ACTIVITY ▸
Retype, without any change, the first line of the records and every line after it through the one containing "m\<bar> = \<bar>ch0".

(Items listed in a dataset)
lemma M_sq_le_M4: "M\<^sup>2 \<le> M ^ 4"
  using one_le_M by (simp add: power_increasing)

lemma M_le_M3: "M \<le> M ^ 3"
  using power_increasing[of 1 3 M] one_le_M by simp

lemma w_le_M: "w \<phi> \<le> M"
proof -
  have "(cos \<phi>)\<^sup>2 / ch0\<^sup>2 \<le> 1 / sh0\<^sup>2"
    using sh0_pos sh0_less_ch0 by (intro frac_le) (auto simp: abs_square_le_1 power_mono)
  moreover have "(sin \<phi>)\<^sup>2 / sh0\<^sup>2 \<le> 1 / sh0\<^sup>2"
    using sh0_pos by (intro divide_right_mono) (auto simp: abs_square_le_1)
  ultimately show ?thesis using inv_sh0_sq_le unfolding w_def by simp
qed

lemma abs_w_le_M: "\<bar>w \<phi>\<bar> \<le> M"
proof -
  have "0 \<le> w \<phi>" using e0_sq_le_w[of \<phi>] zero_le_power2[of e0] by linarith
  then show ?thesis using w_le_M[of \<phi>] by simp
qed

lemma abs_dw_le_M: "\<bar>dw \<phi>\<bar> \<le> M"
proof -
  have "0 \<le> 1 / sh0\<^sup>2 - 1 / ch0\<^sup>2" "1 / sh0\<^sup>2 - 1 / ch0\<^sup>2 \<le> 1 / sh0\<^sup>2"
    using sh0_pos sh0_less_ch0 by (auto intro!: divide_left_mono power_mono)
  moreover have "2 * cos \<phi> * sin \<phi> = sin (2 * \<phi>)" by (simp add: sin_double)
  then have "\<bar>2 * cos \<phi> * sin \<phi>\<bar> \<le> 2" using abs_sin_le_one[of "2 * \<phi>"] by linarith
  ultimately have "\<bar>dw \<phi>\<bar> \<le> 2 * (1 / sh0\<^sup>2)" unfolding dw_def by (intro abs_mult_le_mult) auto
  then show ?thesis using inv_sh0_sq_le by simp
qed

lemma inv_M4_le_al0: "1 / M ^ 4 \<le> al0" and inv_M4_le_ga0: "1 / M ^ 4 \<le> ga0"
proof -
  have "(c * ch0)\<^sup>2 \<le> (M * M)\<^sup>2" "(c * sh0)\<^sup>2 \<le> (M * M)\<^sup>2"
    using c_le_M ch0_le_M sh0_le_M c_pos ch0_gt_1 sh0_pos by (intro power_mono mult_mono; simp)+
  then show "1 / M ^ 4 \<le> al0" "1 / M ^ 4 \<le> ga0"
    unfolding al0_def ga0_def using c_pos ch0_gt_1 sh0_pos one_le_M
    by (auto intro!: divide_left_mono simp: power_mult_distrib simp flip: power_add)
qed

lemma cosh_m0_add_taylor:
  assumes "\<bar>m\<bar> \<le> 1"
  shows "\<bar>cosh (m0 + m) - ch0 - sh0 * m\<bar> \<le> 2 * M * m\<^sup>2"
proof -
  have "\<bar>cosh (m0 + m) - ch0 - sh0 * m\<bar> = \<bar>ch0 * (cosh m - 1) + sh0 * (sinh m - m)\<bar>"
    unfolding cosh_m0_add_eq by (simp add: algebra_simps)
  also have "\<dots> \<le> M * m\<^sup>2 + M * m\<^sup>2"
    using cosh_minus_one_le_sq[OF assms] cosh_real_ge_1[of m] abs_sinh_minus_le_sq[OF assms]
      ch0_le_M sh0_le_M ch0_gt_1 sh0_pos
    by (intro order.trans[OF abs_triangle_ineq] add_mono abs_mult_le_mult) auto
  finally show ?thesis by simp
qed

lemma abs_cosh_m0_add_diff_le:
  assumes "\<bar>m\<bar> \<le> 1"
  shows "\<bar>cosh (m0 + m) - ch0\<bar> \<le> 3 * M * \<bar>m\<bar>"
proof -
  have "\<bar>sh0 * m\<bar> \<le> M * \<bar>m\<bar>" using sh0_le_M sh0_pos by (intro abs_mult_le_mult) auto
  moreover have "M * m\<^sup>2 \<le> M * \<bar>m\<bar>" using sq_le_abs[OF assms] one_le_M by simp
  ultimately show ?thesis using cosh_m0_add_taylor[OF assms] by linarith
qed

lemma abs_sinh_m0_add_diff_le:
  assumes "\<bar>m\<bar> \<le> 1"
  shows "\<bar>sinh (m0 + m) - sh0\<bar> \<le> 3 * M * \<bar>m\<bar>"
proof -
  have "\<bar>sinh m\<bar> \<le> 2 * \<bar>m\<bar>" using abs_sinh_minus_le_sq[OF assms] sq_le_abs[OF assms] by linarith
  then have "\<bar>ch0 * sinh m\<bar> \<le> M * (2 * \<bar>m\<bar>)" using ch0_le_M ch0_gt_1 by (intro abs_mult_le_mult) auto
  moreover have "\<bar>sh0 * (cosh m - 1)\<bar> \<le> M * \<bar>m\<bar>"
    using cosh_minus_one_le_sq[OF assms] cosh_real_ge_1[of m] sq_le_abs[OF assms] sh0_le_M sh0_pos
    by (intro abs_mult_le_mult) auto
  moreover have "sinh (m0 + m) - sh0 = sh0 * (cosh m - 1) + ch0 * sinh m"
    unfolding sinh_m0_add_eq by (simp add: algebra_simps)
  ultimately show ?thesis using abs_triangle_ineq[of "sh0 * (cosh m - 1)" "ch0 * sinh m"] by linarith
qed

lemma cosh_sq_m0_add_taylor:
  assumes "\<bar>m\<bar> \<le> 1"
  shows "\<bar>(cosh (m0 + m))\<^sup>2 - ch0\<^sup>2 - 2 * ch0 * sh0 * m\<bar> \<le> 13 * M\<^sup>2 * m\<^sup>2"
proof -
  have "(cosh (m0 + m))\<^sup>2 - ch0\<^sup>2 - 2 * ch0 * sh0 * m
      = (cosh (m0 + m) - ch0)\<^sup>2 + 2 * ch0 * (cosh (m0 + m) - ch0 - sh0 * m)"
    by (simp add: algebra_simps power2_eq_square)
  then have "\<bar>(cosh (m0 + m))\<^sup>2 - ch0\<^sup>2 - 2 * ch0 * sh0 * m\<bar>
      \<le> \<bar>(cosh (m0 + m) - ch0)\<^sup>2\<bar> + \<bar>2 * ch0 * (cosh (m0 + m) - ch0 - sh0 * m)\<bar>"
    by (simp only: abs_triangle_ineq)
  also have "\<dots> \<le> (3 * M * \<bar>m\<bar>)\<^sup>2 + (2 * M) * (2 * M * m\<^sup>2)"
    using power_mono[OF abs_cosh_m0_add_diff_le[OF assms] abs_ge_zero, of 2]
      cosh_m0_add_taylor[OF assms] ch0_le_M ch0_gt_1
    by (intro add_mono abs_mult_le_mult) auto
  also have "\<dots> = 13 * M\<^sup>2 * m\<^sup>2" by (simp add: power_mult_distrib power2_eq_square)
  finally show ?thesis .
qed

lemma abs_cosh_sq_m0_add_diff_le:
  assumes "\<bar>m\<bar> \<le> 1"
  shows "\<bar>(cosh (m0 + m))\<^sup>2 - ch0\<^sup>2\<bar> \<le> 6 * M\<^sup>2 * \<bar>m\<bar>"
proof -
  have "\<bar>cosh (m0 + m) + ch0\<bar> \<le> 2 * M"
    using coordinate_bounds(3)[OF assms] ch0_le_M cosh_real_ge_1[of "m0 + m"] ch0_gt_1 by simp
  then have "\<bar>(cosh (m0 + m) - ch0) * (cosh (m0 + m) + ch0)\<bar> \<le> (3 * M * \<bar>m\<bar>) * (2 * M)"
    using abs_cosh_m0_add_diff_le[OF assms] by (intro abs_mult_le_mult)
  then show ?thesis by (simp add: algebra_simps power2_eq_square)
qed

RESULT FOR THIS EXERCISE ▸
lemma M_sq_le_M4: "M\<^sup>2 \<le> M ^ 4"
  using one_le_M by (simp add: power_increasing)

lemma M_le_M3: "M \<le> M ^ 3"
  using power_increasing[of 1 3 M] one_le_M by simp

lemma w_le_M: "w \<phi> \<le> M"
proof -
  have "(cos \<phi>)\<^sup>2 / ch0\<^sup>2 \<le> 1 / sh0\<^sup>2"
    using sh0_pos sh0_less_ch0 by (intro frac_le) (auto simp: abs_square_le_1 power_mono)
  moreover have "(sin \<phi>)\<^sup>2 / sh0\<^sup>2 \<le> 1 / sh0\<^sup>2"
    using sh0_pos by (intro divide_right_mono) (auto simp: abs_square_le_1)
  ultimately show ?thesis using inv_sh0_sq_le unfolding w_def by simp
qed

lemma abs_w_le_M: "\<bar>w \<phi>\<bar> \<le> M"
proof -
  have "0 \<le> w \<phi>" using e0_sq_le_w[of \<phi>] zero_le_power2[of e0] by linarith
  then show ?thesis using w_le_M[of \<phi>] by simp
qed

lemma abs_dw_le_M: "\<bar>dw \<phi>\<bar> \<le> M"
proof -
  have "0 \<le> 1 / sh0\<^sup>2 - 1 / ch0\<^sup>2" "1 / sh0\<^sup>2 - 1 / ch0\<^sup>2 \<le> 1 / sh0\<^sup>2"
    using sh0_pos sh0_less_ch0 by (auto intro!: divide_left_mono power_mono)
  moreover have "2 * cos \<phi> * sin \<phi> = sin (2 * \<phi>)" by (simp add: sin_double)
  then have "\<bar>2 * cos \<phi> * sin \<phi>\<bar> \<le> 2" using abs_sin_le_one[of "2 * \<phi>"] by linarith
  ultimately have "\<bar>dw \<phi>\<bar> \<le> 2 * (1 / sh0\<^sup>2)" unfolding dw_def by (intro abs_mult_le_mult) auto
  then show ?thesis using inv_sh0_sq_le by simp
qed

lemma inv_M4_le_al0: "1 / M ^ 4 \<le> al0" and inv_M4_le_ga0: "1 / M ^ 4 \<le> ga0"
proof -
  have "(c * ch0)\<^sup>2 \<le> (M * M)\<^sup>2" "(c * sh0)\<^sup>2 \<le> (M * M)\<^sup>2"
    using c_le_M ch0_le_M sh0_le_M c_pos ch0_gt_1 sh0_pos by (intro power_mono mult_mono; simp)+
  then show "1 / M ^ 4 \<le> al0" "1 / M ^ 4 \<le> ga0"
    unfolding al0_def ga0_def using c_pos ch0_gt_1 sh0_pos one_le_M
    by (auto intro!: divide_left_mono simp: power_mult_distrib simp flip: power_add)
qed

lemma cosh_m0_add_taylor:
  assumes "\<bar>m\<bar> \<le> 1"
  shows "\<bar>cosh (m0 + m) - ch0 - sh0 * m\<bar> \<le> 2 * M * m\<^sup>2"
proof -
  have "\<bar>cosh (m0 + m) - ch0 - sh0 * m\<bar> = \<bar>ch0 * (cosh m - 1) + sh0 * (sinh m - m)\<bar>"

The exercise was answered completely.